En primera persona. Hace algunos años me autoimpuse, salvo excepción calificada, no ver televisión abierta chilena, en particular sus espacios noticiosos. Las razones fueron muy simples: en general me parecía de mala calidad y, por lo mismo, una pérdida de tiempo. Habían (hay) muchos usos alternativos del tiempo más provechosos. Sin embargo, en un año electoral como el presente donde Chile parece estar jugándose algo importante he tenido la debilidad de volver a ser televidente de esos canales, esta vez especialmente de programas y debates sobre política contingente. Unas pocas excursiones en la materia han bastado para reafirmar con renovadas fuerzas las viejas convicciones.

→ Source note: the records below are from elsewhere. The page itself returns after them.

definition distortion :: "real measure \<Rightarrow> (real \<Rightarrow> real measure) \<Rightarrow> ennreal" where
  "distortion \<mu> K = (\<integral>\<^sup>+ z. ennreal ((fst z - snd z)\<^sup>2) \<partial>(joint \<mu> K))"

definition couplings :: "real measure \<Rightarrow> real measure \<Rightarrow> (real \<times> real) measure set" where
  "couplings \<mu> \<nu> = {\<pi>. prob_space \<pi> \<and> sets \<pi> = sets (borel \<Otimes>\<^sub>M borel)
                        \<and> distr \<pi> borel fst = \<mu> \<and> distr \<pi> borel snd = \<nu>}"

definition W2sq :: "real measure \<Rightarrow> real measure \<Rightarrow> ennreal" where
  "W2sq \<mu> \<nu> = (INF \<pi> \<in> couplings \<mu> \<nu>. \<integral>\<^sup>+ z. ennreal ((fst z - snd z)\<^sup>2) \<partial>\<pi>)"

definition RDP :: "real measure \<Rightarrow> real \<Rightarrow> real \<Rightarrow> ereal" where
  "RDP \<mu> D P = (INF K \<in> {K \<in> kernels. distortion \<mu> K \<le> ennreal D \<and> W2sq \<mu> (out_law \<mu> K) \<le> ennreal P}.
                  MI \<mu> K)"

end

theory Submission
  imports Defs
begin

text \<open>Post-processing the output of any kernel by a quantizer g with finite range (rounding to
  a fine grid on a large interval, the tail sent to 0) does not increase the mutual information,
  by the data processing inequality, and, since the output has a finite second moment, increases
  the distortion and the W2^2 distance to the source by arbitrarily little. Applied to a
  near-optimal kernel this gives the required kernel with finite output; applied to the identity
  kernel it gives a feasible kernel with finite output, whose mutual information is finite, so
  R(D, P) is finite.\<close>

section \<open>Relative entropy through the function psi\<close>

text \<open>Since a density f = dJ/dQ of probability measures integrates to 1, the relative entropy
  KL(J || Q) is the Q-integral of the nonnegative convex function psi applied to f.\<close>

definition psi :: "real \<Rightarrow> real" where "psi s = s * ln s - s + 1"

lemma psi_measurable [measurable]: "psi \<in> borel_measurable borel"
  unfolding psi_def by measurable

lemma psi_ge_tangent:
  assumes "s \<ge> 0" "c > 0"
  shows "psi c + ln c * (s - c) \<le> psi s"
proof (cases "s = 0")
  case True
  then show ?thesis using assms by (simp add: psi_def)
next
  case False
  with assms have s: "s > 0" by auto
  have "ln c - ln s \<le> c / s - 1"
    using ln_le_minus_one[of "c / s"] s assms by (simp add: ln_div)
  then have "s * (ln c - ln s) \<le> s * (c / s - 1)"
    using s by (intro mult_left_mono) auto
  also have "s * (c / s - 1) = c - s"
    using s by (simp add: field_simps)
  finally show ?thesis by (simp add: psi_def algebra_simps)
qed

lemma psi_nonneg: "s \<ge> 0 \<Longrightarrow> psi s \<ge> 0"
  using psi_ge_tangent[of s 1] by (simp add: psi_def)

lemma mult_psi_divide_le:
  assumes k: "0 \<le> k" "k \<le> 1" and c: "0 < c" "c \<le> 1"
  shows "c * psi (k / c) \<le> 1 + \<bar>ln c\<bar>"
proof (cases "k = 0")
  case True
  then have "c * psi (k / c) = c" by (simp add: psi_def)
  moreover have "ln c \<le> 0" using c by simp
  ultimately show ?thesis using c by linarith
next
  case False
  have "c * psi (k / c) = k * ln k - k * ln c - k + c"
    using k c False by (simp add: psi_def ln_div field_simps)
  moreover have "k * ln k \<le> 0"
    using k False by (intro mult_nonneg_nonpos) auto
  moreover have "- k * ln c \<le> \<bar>ln c\<bar>"
    using mult_mono[OF k(2) order_refl, of "- ln c"] c by (auto simp: abs_if)
  ultimately show ?thesis using c k by linarith
qed

lemma ennreal_psi_split:
  fixes s :: real
  assumes "s \<ge> 0"
  shows "ennreal (psi s) + ennreal (- (s * ln s)) + ennreal s = ennreal (s * ln s) + 1"
proof (cases "s * ln s \<ge> 0")
  case True
  have "ennreal (psi s) + ennreal s = ennreal (psi s + s)"
    using psi_nonneg[OF assms] assms by (simp add: ennreal_plus)
  also have "psi s + s = s * ln s + 1" by (simp add: psi_def)
  finally show ?thesis using True by (simp add: ennreal_plus ennreal_neg)
next
  case False
  have "ennreal (psi s) + ennreal (- (s * ln s)) + ennreal s = ennreal (psi s + (- (s * ln s)) + s)"
    using psi_nonneg[OF assms] assms False by (simp only: ennreal_plus[symmetric] add_nonneg_nonneg)
  also have "psi s + (- (s * ln s)) + s = 1" by (simp add: psi_def)
  finally show ?thesis using False by (simp add: ennreal_neg)
qed

lemma KL_div_eq_nn_integral_psi:
  assumes J: "prob_space J" and Q: "prob_space Q" and sets: "sets J = sets Q"
    and ac: "absolutely_continuous Q J"
  shows "KL_div J Q = enn2ereal (\<integral>\<^sup>+x. ennreal (psi (enn2real (RN_deriv Q J x))) \<partial>Q)"
proof -
  interpret Q: prob_space Q by fact
  interpret J: prob_space J by fact
  define f where "f x = enn2real (RN_deriv Q J x)" for x
  have [measurable]: "f \<in> borel_measurable Q" unfolding f_def by measurable
  have fnn: "f x \<ge> 0" for x unfolding f_def by simp
  have fin: "AE x in Q. RN_deriv Q J x \<noteq> \<infinity>"
    by (rule Q.RN_deriv_finite) (auto simp: ac sets J.sigma_finite_measure_axioms)
  have "(\<integral>\<^sup>+x. ennreal (f x) \<partial>Q) = (\<integral>\<^sup>+x. RN_deriv Q J x * 1 \<partial>Q)"
    using fin by (intro nn_integral_cong_AE) (auto simp: f_def less_top)
  also have "\<dots> = (\<integral>\<^sup>+x. 1 \<partial>J)"
    by (rule Q.RN_deriv_nn_integral[symmetric]) (auto simp: ac sets)
  finally have int1: "(\<integral>\<^sup>+x. ennreal (f x) \<partial>Q) = 1"
    by (simp add: J.emeasure_space_1)
  \<comment> \<open>KL_div J Q is C - B; since f integrates to 1, ennreal_psi_split gives A + B = C\<close>
  define A where "A = (\<integral>\<^sup>+x. ennreal (psi (f x)) \<partial>Q)"
  define B where "B = (\<integral>\<^sup>+x. ennreal (- (f x * ln (f x))) \<partial>Q)"
  define C where "C = (\<integral>\<^sup>+x. ennreal (f x * ln (f x)) \<partial>Q)"
  have "A + B + 1 = (\<integral>\<^sup>+x. ennreal (psi (f x)) + ennreal (- (f x * ln (f x))) + ennreal (f x) \<partial>Q)"
    unfolding A_def B_def int1[symmetric] by (simp add: nn_integral_add psi_def)
  also have "\<dots> = (\<integral>\<^sup>+x. ennreal (f x * ln (f x)) + 1 \<partial>Q)"
    using ennreal_psi_split[OF fnn] by simp
  also have "\<dots> = C + 1" unfolding C_def by (simp add: nn_integral_add Q.emeasure_space_1)
  finally have "1 + (A + B) = 1 + C" by (simp add: ac_simps)
  then have ABC: "A + B = C" by (simp add: ennreal_add_left_cancel)
  have "B \<le> (\<integral>\<^sup>+x. 1 \<partial>Q)" unfolding B_def
  proof (intro nn_integral_mono)
    fix x
    have "- (f x * ln (f x)) \<le> 1"
      using psi_nonneg[OF fnn[of x]] fnn[of x] by (simp add: psi_def)
    then show "ennreal (- (f x * ln (f x))) \<le> 1" by (simp add: ennreal_le_1)
  qed
  then have Bfin: "B \<noteq> \<infinity>" using Q.emeasure_space_1 by (auto simp: top_unique)
  have "KL_div J Q = enn2ereal C - enn2ereal B"
    unfolding KL_div_def using sets ac by (simp add: Let_def C_def B_def f_def)
  also have "\<dots> = enn2ereal A + enn2ereal B - enn2ereal B"
    unfolding ABC[symmetric] by (simp add: plus_ennreal.rep_eq)
  also have "\<dots> = enn2ereal A"
    using Bfin by (cases "enn2ereal A"; cases "enn2ereal B") auto
  finally show ?thesis unfolding A_def f_def .
qed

Es cierto que, en ocasiones, los candidatos entrevistados no dan la talla y defraudan las expectativas mínimas esperables. Pero, más frecuente está resultando que los entrevistadores sean quienes no cumplan adecuadamente su papel, lo malentiendan o lisa y llanamente se adueñen del rol de sus invitados, dejando de paso a los telespectadores casi sin posibilidad alguna de informarse sobre las propuestas concretas y sus fundamentaciones de boca de los propios postulantes a cargos de representación popular. Desde luego, lo primero que se echa de menos es el auténtico arte de entrevistar que, en principio, consiste en generar las condiciones para que la persona entrevistada y sus ideas puedan darse a conocer de la forma más veraz posible. Esto es, que la realidad -de las personas y conceptos- quede expuesta (se haga patente) de forma nítida para la consideración de quienes acceden a ella a través de la pantalla. Solo así el espectador estará en condiciones de formular su propio juicio al respecto. Y, luego, actuar en consecuencia.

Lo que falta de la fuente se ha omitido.